_Task description:_ Of the material below, only the lines from the line containing "unique x supported" down to the line containing "x $ i = 0) \<and>" belong in the answer, written out exactly.

_Extracted material:_
(* Let $d\ge2$, let $Af(x)=\int_{S^{d-1}}f(x-y)\,d\sigma(y)$ with $\sigma$ surface measure on the unit sphere, and $\Lambda_G(f,g,h)=\int_{\mathbb R^d}Af(x)Ag(x)h(x)\,dx$. If $\Lambda_G(f,g,h)\le C\|f\|_{L^{p_1}(\mathbb R^d)}\|g\|_{L^{p_2}(\mathbb R^d)}\|h\|_{L^{p_3}(\mathbb R^d)}$ for all nonnegative measurable $f,g,h$, then (1) $\frac1{p_1}+\frac1{p_2}+\frac1{p_3}\ge1$; (2) $\frac1{p_1}+\frac1{p_2}+\frac d{p_3}\le d$; (3) $\frac d{p_1}+\frac d{p_2}+\frac1{p_3}\le2d-1$; (4) $\frac d{p_1}+\frac1{p_3}\le d$; (5) $\frac d{p_2}+\frac1{p_3}\le d$. *)

theory Defs
  imports "HOL-Analysis.Analysis" "HOL-Probability.Essential_Supremum"
begin

text \<open>Surface measure on the unit sphere S^{d-1} of R^d (here R^d = real^'n, d = CARD('n)),
  realised as the cone measure: sigma(E) = d * Lebesgue measure of the cone
  {t y | 0 < t <= 1, y in E}, i.e. the push-forward of Lebesgue measure on the unit ball
  under y |-> y / |y|, scaled by d.  For the round sphere this coincides with the
  (d-1)-dimensional Hausdorff / surface measure.\<close>
definition sphere_surface :: "(real ^ 'n::finite) measure" where
  "sphere_surface = scale_measure (of_nat CARD('n))
     (distr (restrict_space lborel (cball 0 1)) borel (\<lambda>y. y /\<^sub>R norm y))"

definition sph_avg :: "(real ^ 'n::finite \<Rightarrow> real) \<Rightarrow> real ^ 'n \<Rightarrow> ennreal" where
  "sph_avg f x = (\<integral>\<^sup>+ y. ennreal (f (x - y)) \<partial>sphere_surface)"

definition LambdaG :: "(real ^ 'n::finite \<Rightarrow> real) \<Rightarrow> (real ^ 'n \<Rightarrow> real) \<Rightarrow> (real ^ 'n \<Rightarrow> real) \<Rightarrow> ennreal" where
  "LambdaG f g h = (\<integral>\<^sup>+ x. sph_avg f x * sph_avg g x * ennreal (h x) \<partial>lborel)"
(* The map $F:K\times\mathbf S^k_{++}\to\mathbb{R}\cup\{\infty\}$ is continuous (with $\mathbb{R}\cup\{\infty\}$ carrying its order topology).
   Context: $\mathbf S^k_{++}$ is the set of $k\times k$ symmetric positive-definite matrices. $\mathcal I$ is a collection of nonempty subsets of $\{1,\dots,k\}$, $a\in\mathbb{R}^k\setminus\{0\}$. $P_I:\mathbb{R}^k\to\mathbb{R}^{|I|}$ is the coordinate projection onto $I$, and for $A\in\mathbf S^k_{++}$, $A_I^\dagger:=P_I^\top(P_IAP_I^\top)^{-1}P_I$. Costs $c_I\in\mathbb{R}^m_{\ge0}$ and $B_0\in\mathbb{R}^m_{>0}$; vector inequalities componentwise. $K=\{\underline\nu\in\mathbb{R}^{\mathcal I}:\underline\nu\ge0,\ \sum_I\nu_Ic_I\le B_0\}$. $F(\underline\nu,A)=a^\top(\sum_I\nu_IA_I^\dagger)^\dagger a$ if $a\in\operatorname{range}(\sum_I\nu_IA_I^\dagger)$ and $F(\underline\nu,A)=\infty$ otherwise; $\dagger$ denotes the Moore–Penrose pseudo-inverse. *)

theory Defs
  imports "HOL-Analysis.Analysis"
begin

text \<open>Symmetric positive-definite k x k matrices; the index set {1..k} is the finite type 'k.\<close>
definition spd :: "(real^'k^'k) set" where
  "spd = {A. transpose A = A \<and> (\<forall>x. x \<noteq> 0 \<longrightarrow> x \<bullet> (A *v x) > 0)}"

definition mp_pinv :: "real^'n^'n \<Rightarrow> real^'n^'n" where
  "mp_pinv M = (THE X. M ** X ** M = M \<and> X ** M ** X = X \<and>
       transpose (M ** X) = M ** X \<and> transpose (X ** M) = X ** M)"

text \<open>Coordinate projection P_I : R^k \<rightarrow> R^|I| is represented by restriction to I, and
  P_I^T by extension by zero.  Then A_I^dagger = P_I^T (P_I A P_I^T)^{-1} P_I maps v to the
  unique x supported on I whose image A x agrees with v on I.\<close>
definition restr_inv :: "real^'k^'k \<Rightarrow> 'k set \<Rightarrow> real^'k^'k" where
  "restr_inv A I = matrix (\<lambda>v. THE x. (\<forall>i. i \<notin> I \<longrightarrow> x $ i = 0) \<and>
                                       (\<forall>i\<in>I. (A *v x) $ i = v $ i))"

definition feasK :: "('k::finite) set set \<Rightarrow> ('k set \<Rightarrow> real^'m) \<Rightarrow> real^'m \<Rightarrow> (real^('k set)) set" where
  "feasK \<I> c B0 = {\<nu>. (\<forall>I. I \<notin> \<I> \<longrightarrow> \<nu> $ I = 0) \<and> (\<forall>I\<in>\<I>. \<nu> $ I \<ge> 0) \<and>
                      (\<forall>j. (\<Sum>I\<in>\<I>. \<nu> $ I * c I $ j) \<le> B0 $ j)}"

definition Fobj :: "('k::finite) set set \<Rightarrow> real^'k \<Rightarrow> real^('k set) \<Rightarrow> real^'k^'k \<Rightarrow> ereal" where
  "Fobj \<I> a \<nu> A = (let M = (\<Sum>I\<in>\<I>. \<nu> $ I *\<^sub>R restr_inv A I) in
      if a \<in> range (\<lambda>x. M *v x) then ereal (a \<bullet> (mp_pinv M *v a)) else \<infinity>)"

end

theory Submission
  imports Defs
begin

(* For positive semidefinite M, the value a\<^sup>T M\<^sup>+ a (taken to be \<infinity> when a is not in the
  range of M) is the supremum over x of the concave quadratic 2 a\<^sup>T x - x\<^sup>T M x.  Since
  M = \<Sum>\<^sub>I \<nu>\<^sub>I A\<^sub>I\<^sup>\<dagger> depends continuously on (\<nu>, A) (by Cramer's rule A\<^sub>I\<^sup>\<dagger> v is a
  rational function of the entries of A), F is a supremum of continuous functions and hence
  lower semicontinuous.
  For upper semicontinuity at a point (\<nu>, A) where F is finite, write a = M y as the sum of
  the vectors b\<^sub>I = \<nu>\<^sub>I A\<^sub>I\<^sup>\<dagger> y over the I with \<nu>\<^sub>I > 0; b\<^sub>I is supported on I.  At nearby
  points (\<nu>', A') this decomposition still certifies F(\<nu>', A') \<le> \<Sum>\<^sub>I b\<^sub>I\<^sup>T A' b\<^sub>I / \<nu>'\<^sub>I,
  a bound that is continuous in (\<nu>', A') and equals F at (\<nu>, A). *)

section \<open>Symmetric matrices and the Moore-Penrose inverse\<close>

lemma sum_matrix_vector_mult: "(\<Sum>i\<in>S. M i) *v x = (\<Sum>i\<in>S. M i *v x)"
  by (induction S rule: infinite_finite_induct) (simp_all add: matrix_vector_mult_add_rdistrib)

lemma bounded_linear_matrix_vector_mult_left: "bounded_linear (\<lambda>A::real^'n^'m. A *v v)"
  unfolding linear_conv_bounded_linear[symmetric]
  by (rule linearI) (simp_all add: matrix_vector_mult_add_rdistrib scaleR_matrix_vector_assoc)

lemma symmetric_matrix_iff_inner:
  fixes M :: "real^'n^'n"
  shows "transpose M = M \<longleftrightarrow> (\<forall>x y. x \<bullet> (M *v y) = (M *v x) \<bullet> y)"
proof
  assume "transpose M = M"
  then show "\<forall>x y. x \<bullet> (M *v y) = (M *v x) \<bullet> y"
    by (metis dot_lmul_matrix vector_transpose_matrix)
next
  assume sym: "\<forall>x y. x \<bullet> (M *v y) = (M *v x) \<bullet> y"
  have "transpose M *v x = M *v x" for x
  proof -
    have "(transpose M *v x) \<bullet> y = (M *v x) \<bullet> y" for y
      using sym by (simp add: transpose_matrix_vector dot_lmul_matrix)
    then show ?thesis
      using vector_eq_rdot by blast
  qed
  then show "transpose M = M"
    by (simp add: matrix_eq)
qed

lemma symmetric_matrix_inner:
  fixes M :: "real^'n^'n"
  assumes "transpose M = M"
  shows "x \<bullet> (M *v y) = (M *v x) \<bullet> y"
  using assms by (simp add: symmetric_matrix_iff_inner)

lemma symmetric_matrix_kernel_range_eq_0:
  fixes M :: "real^'n^'n"
  assumes "transpose M = M" "M *v z = 0" "z \<in> range ((*v) M)"
  shows "z = 0"
proof -
  obtain u where "z = M *v u" using assms(3) by blast
  then have "z \<bullet> z = u \<bullet> (M *v z)"
    using symmetric_matrix_inner[OF assms(1), of u z] by simp
  then show ?thesis using assms(2) by simp
qed

lemma symmetric_matrix_range_kernel_decomp:
  fixes M :: "real^'n^'n"
  assumes sym: "transpose M = M"
  obtains w z where "x = M *v w + z" "M *v z = 0"
proof -
  let ?V = "range ((*v) M)"
  have span_V: "span ?V = ?V"
    by (simp add: linear_subspace_image)
  obtain y z where y: "y \<in> ?V" and z: "\<And>v. v \<in> ?V \<Longrightarrow> orthogonal z v" and x: "x = y + z"
    using orthogonal_subspace_decomp_exists[of ?V x] unfolding span_V by blast
  have "(M *v z) \<bullet> (M *v z) = z \<bullet> (M *v (M *v z))"
    using symmetric_matrix_inner[OF sym, of z "M *v z"] by simp
  also have "\<dots> = 0"
    using z[of "M *v (M *v z)"] by (simp add: orthogonal_def)
  finally have "M *v z = 0" by simp
  with x y that show ?thesis by blast
qed

lemma symmetric_matrix_not_in_range:
  fixes M :: "real^'n^'n"
  assumes sym: "transpose M = M" and a: "a \<notin> range ((*v) M)"
  obtains z where "M *v z = 0" "a \<bullet> z \<noteq> 0"
proof -
  obtain w z where a_eq: "a = M *v w + z" and z: "M *v z = 0"
    using symmetric_matrix_range_kernel_decomp[OF sym] by blast
  have "z \<noteq> 0" using a a_eq by auto
  moreover have "a \<bullet> z = z \<bullet> z"
    using symmetric_matrix_inner[OF sym, of w z] z by (simp add: a_eq inner_add_left)
  ultimately show ?thesis using z that by simp
qed

definition is_pinv :: "real^'n^'n \<Rightarrow> real^'n^'n \<Rightarrow> bool" where
  "is_pinv M X \<longleftrightarrow> M ** X ** M = M \<and> X ** M ** X = X \<and>
     transpose (M ** X) = M ** X \<and> transpose (X ** M) = X ** M"

lemma is_pinv_unique:
  assumes X: "is_pinv M X" and Y: "is_pinv M Y"
  shows "X = Y"
proof -
  have "X = X ** transpose (M ** X)"
    using X by (simp add: is_pinv_def matrix_mul_assoc)
  also have "\<dots> = X ** transpose X ** transpose (M ** Y ** M)"
    using Y by (simp add: is_pinv_def matrix_transpose_mul matrix_mul_assoc)
  also have "\<dots> = X ** transpose (M ** X) ** transpose (M ** Y)"
    by (simp add: matrix_transpose_mul matrix_mul_assoc)
  also have "\<dots> = X ** M ** Y"
    using X Y by (simp add: is_pinv_def matrix_mul_assoc)
  finally have X_eq: "X = X ** M ** Y" .
  have "Y = transpose (Y ** M) ** Y"
    using Y by (simp add: is_pinv_def)
  also have "\<dots> = transpose (M ** X ** M) ** transpose Y ** Y"
    using X by (simp add: is_pinv_def matrix_transpose_mul)
  also have "\<dots> = transpose (X ** M) ** transpose (Y ** M) ** Y"
    by (simp add: matrix_transpose_mul matrix_mul_assoc)
  also have "\<dots> = X ** M ** Y ** M ** Y"
    using X Y by (simp add: is_pinv_def matrix_mul_assoc)
  also have "\<dots> = X ** M ** (Y ** M ** Y)"
    by (simp add: matrix_mul_assoc)
  also have "\<dots> = X ** M ** Y"
    using Y by (simp add: is_pinv_def)
  finally show ?thesis using X_eq by simp
qed

lemma symmetric_matrix_range_left_inverse:
  fixes M :: "real^'n^'n"
  assumes sym: "transpose M = M"
  obtains G where "\<And>y. G *v y \<in> range ((*v) M)"
    "\<And>x. x \<in> range ((*v) M) \<Longrightarrow> G *v (M *v x) = x"
proof -
  let ?V = "range ((*v) M)"
  have span_V: "span ?V = ?V"
    by (simp add: linear_subspace_image)
  have "inj_on ((*v) M) (span ?V)"
    unfolding span_V
  proof (rule inj_onI)
    fix x y assume "x \<in> ?V" "y \<in> ?V" and eq: "M *v x = M *v y"
    then obtain u v where "x = M *v u" "y = M *v v" by blast
    then have "x - y = M *v (u - v)"
      by (simp add: matrix_vector_mult_diff_distrib)
    moreover have "M *v (x - y) = 0"
      using eq by (simp add: matrix_vector_mult_diff_distrib)
    ultimately show "x = y"
      using symmetric_matrix_kernel_range_eq_0[OF sym, of "x - y"] by auto
  qed
  from linear_inj_on_left_inverse[OF matrix_vector_mul_linear this]
  obtain g where "range g \<subseteq> span ?V" "linear g" "\<forall>x\<in>span ?V. g (M *v x) = x"
    by blast
  then show ?thesis
    using that[of "matrix g"] unfolding span_V by (auto simp: matrix_works)
qed
(* Let $\odot$ be a non-degenerate pseudo-multiplication, and let $\tau$ be a $\sigma$-maxitive measure on a $\sigma$-algebra $\mathcal{B}$ of subsets of a nonempty set $E$. Then $\tau$ has the Radon–Nikodym property with respect to the idempotent $\odot$-integral if and only if $\tau$ is $\sigma$-$\odot$-finite and $\sigma$-principal.
   Context: Write $\overline{\mathbb{R}}_+=[0,\infty]$ and $\oplus$ for the supremum. A pseudo-multiplication is a binary operation $\odot$ on $\overline{\mathbb{R}}_+$ with the following properties: - it is associative; - it is continuous on $(0,\infty)\times[0,\infty]$; - for every $t$, the map $s\mapsto s\odot t$ is continuous on $(0,\infty]$; - it is nondecreasing in each argument; - it has a left identity $1_\odot$, i.e. $1_\odot\odot t=t$ for all $t$; - it has no zero divisors, i.e. $s\odot t=0$ implies $s=0$ or $t=0$; - $0\odot t=t\odot 0=0$ for all $t$. Put $O(t)=\inf_{s>0}s\odot t$. An element $t$ is $\odot$-finite if $O(t)=0$, and $\odot$-infinite otherwise. The operation $\odot$ is non-degenerate if $1_\odot$ is $\odot$-finite. Let $\mathcal{B}$ be a $\sigma$-algebra on $E$. A $\sigma$-ideal of $\mathcal{B}$ is a nonempty $\mathcal{I}\subset\mathcal{B}$ that is closed under countable unions and satisfies: $A\subset B\in\mathcal{I}$ with $A\in\mathcal{B}$ implies $A\in\mathcal{I}$. A $\sigma$-maxitive measure on $\mathcal{B}$ is a map $\nu:\mathcal{B}\to\overline{\mathbb{R}}_+$ with $\nu(\emptyset)=0$ and $\nu(\bigcup_{j\in J}B_j)=\sup_{j\in J}\nu(B_j)$ for every countable family $(B_j)_{j\in J}$ in $\mathcal{B}$. A set $N\subset E$ is $\tau$-negligible if $N\subset B$ for some $B\in\mathcal{B}$ with $\tau(B)=0$. A map $f:E\to\overline{\mathbb{R}}_+$ is $\mathcal{B}$-measurable if $\{f>t\}\in\mathcal{B}$ for all $t\in[0,\infty)$. The idempotent $\odot$-integral of such $f$ over $B\in\mathcal{B}$ is $\int^\infty_B f\odot d\nu=\sup_{t\in[0,\infty)} t\odot\nu(B\cap\{f>t\})$. Let $\nu,\tau$ be $\sigma$-maxitive measures on $\mathcal{B}$. - $\nu$ has a density with respect to $\tau$ if there is a $\mathcal{B}$-measurable $c:E\to\overline{\mathbb{R}}_+$ with $\nu(B)=\int^\infty_B c\odot d\tau$ for all $B\in\mathcal{B}$. - $\nu$ is $\odot$-absolutely continuous with respect to $\tau$, written $\nu\ll_\odot\tau$, if $\nu(B)\le\infty\odot\tau(B)$ for every $B\in\mathcal{B}$ such that $\tau(B)$ is $\odot$-finite. - $\tau$ has the Radon–Nikodym property (with respect to the idempotent $\odot$-integral) if every $\sigma$-maxitive measure $\nu$ on $\mathcal{B}$ with $\nu\ll_\odot\tau$ has a density with respect to $\tau$. - $\tau$ is $\sigma$-$\odot$-finite if there is a countable family $(B_n)$ in $\mathcal{B}$ covering $E$ with each $\tau(B_n)$ $\odot$-finite. - $\tau$ is $\sigma$-principal if for every $\sigma$-ideal $\mathcal{I}$ of $\mathcal{B}$ there is $L\in\mathcal{I}$ such that $S\setminus L$ is $\tau$-negligible for all $S\in\mathcal{I}$. *)

theory Defs
  imports "HOL-Analysis.Analysis"
begin

definition pseudo_mult :: "(ennreal \<Rightarrow> ennreal \<Rightarrow> ennreal) \<Rightarrow> ennreal \<Rightarrow> bool" where
  "pseudo_mult odot one \<longleftrightarrow>
     (\<forall>a b c. odot (odot a b) c = odot a (odot b c)) \<and>
     continuous_on ({0<..<top} \<times> UNIV) (\<lambda>(s, t). odot s t) \<and>
     (\<forall>t. continuous_on {0<..} (\<lambda>s. odot s t)) \<and>
     (\<forall>a b c. a \<le> b \<longrightarrow> odot a c \<le> odot b c \<and> odot c a \<le> odot c b) \<and>
     (\<forall>t. odot one t = t) \<and>
     (\<forall>s t. odot s t = 0 \<longrightarrow> s = 0 \<or> t = 0) \<and>
     (\<forall>t. odot 0 t = 0 \<and> odot t 0 = 0)"

definition O_odot :: "(ennreal \<Rightarrow> ennreal \<Rightarrow> ennreal) \<Rightarrow> ennreal \<Rightarrow> ennreal" where
  "O_odot odot t = (INF s\<in>{0<..}. odot s t)"

definition odot_finite :: "(ennreal \<Rightarrow> ennreal \<Rightarrow> ennreal) \<Rightarrow> ennreal \<Rightarrow> bool" where
  "odot_finite odot t \<longleftrightarrow> O_odot odot t = 0"

definition non_degenerate :: "(ennreal \<Rightarrow> ennreal \<Rightarrow> ennreal) \<Rightarrow> ennreal \<Rightarrow> bool" where
  "non_degenerate odot one \<longleftrightarrow> odot_finite odot one"

definition sigma_ideal :: "'a set set \<Rightarrow> 'a set set \<Rightarrow> bool" where
  "sigma_ideal B I \<longleftrightarrow> I \<noteq> {} \<and> I \<subseteq> B \<and>
     (\<forall>F. countable F \<and> F \<subseteq> I \<longrightarrow> \<Union>F \<in> I) \<and>
     (\<forall>A S. A \<in> B \<and> S \<in> I \<and> A \<subseteq> S \<longrightarrow> A \<in> I)"

definition sigma_maxitive :: "'a set set \<Rightarrow> ('a set \<Rightarrow> ennreal) \<Rightarrow> bool" where
  "sigma_maxitive B nu \<longleftrightarrow> nu {} = 0 \<and>
     (\<forall>F. countable F \<and> F \<subseteq> B \<longrightarrow> nu (\<Union>F) = (SUP A\<in>F. nu A))"

definition negligible :: "'a set set \<Rightarrow> ('a set \<Rightarrow> ennreal) \<Rightarrow> 'a set \<Rightarrow> bool" where
  "negligible B tau N \<longleftrightarrow> (\<exists>A\<in>B. N \<subseteq> A \<and> tau A = 0)"

definition B_measurable :: "'a set \<Rightarrow> 'a set set \<Rightarrow> ('a \<Rightarrow> ennreal) \<Rightarrow> bool" where
  "B_measurable E B f \<longleftrightarrow> (\<forall>t. t < top \<longrightarrow> {x\<in>E. t < f x} \<in> B)"

definition idem_integral ::
  "(ennreal \<Rightarrow> ennreal \<Rightarrow> ennreal) \<Rightarrow> 'a set \<Rightarrow> ('a \<Rightarrow> ennreal) \<Rightarrow> ('a set \<Rightarrow> ennreal) \<Rightarrow> 'a set \<Rightarrow> ennreal" where
  "idem_integral odot E f nu A = (SUP t\<in>{t. t < top}. odot t (nu (A \<inter> {x\<in>E. t < f x})))"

_Solution below:_
  unique x supported on I whose image A x agrees with v on I.\<close>
definition restr_inv :: "real^'k^'k \<Rightarrow> 'k set \<Rightarrow> real^'k^'k" where
  "restr_inv A I = matrix (\<lambda>v. THE x. (\<forall>i. i \<notin> I \<longrightarrow> x $ i = 0) \<and>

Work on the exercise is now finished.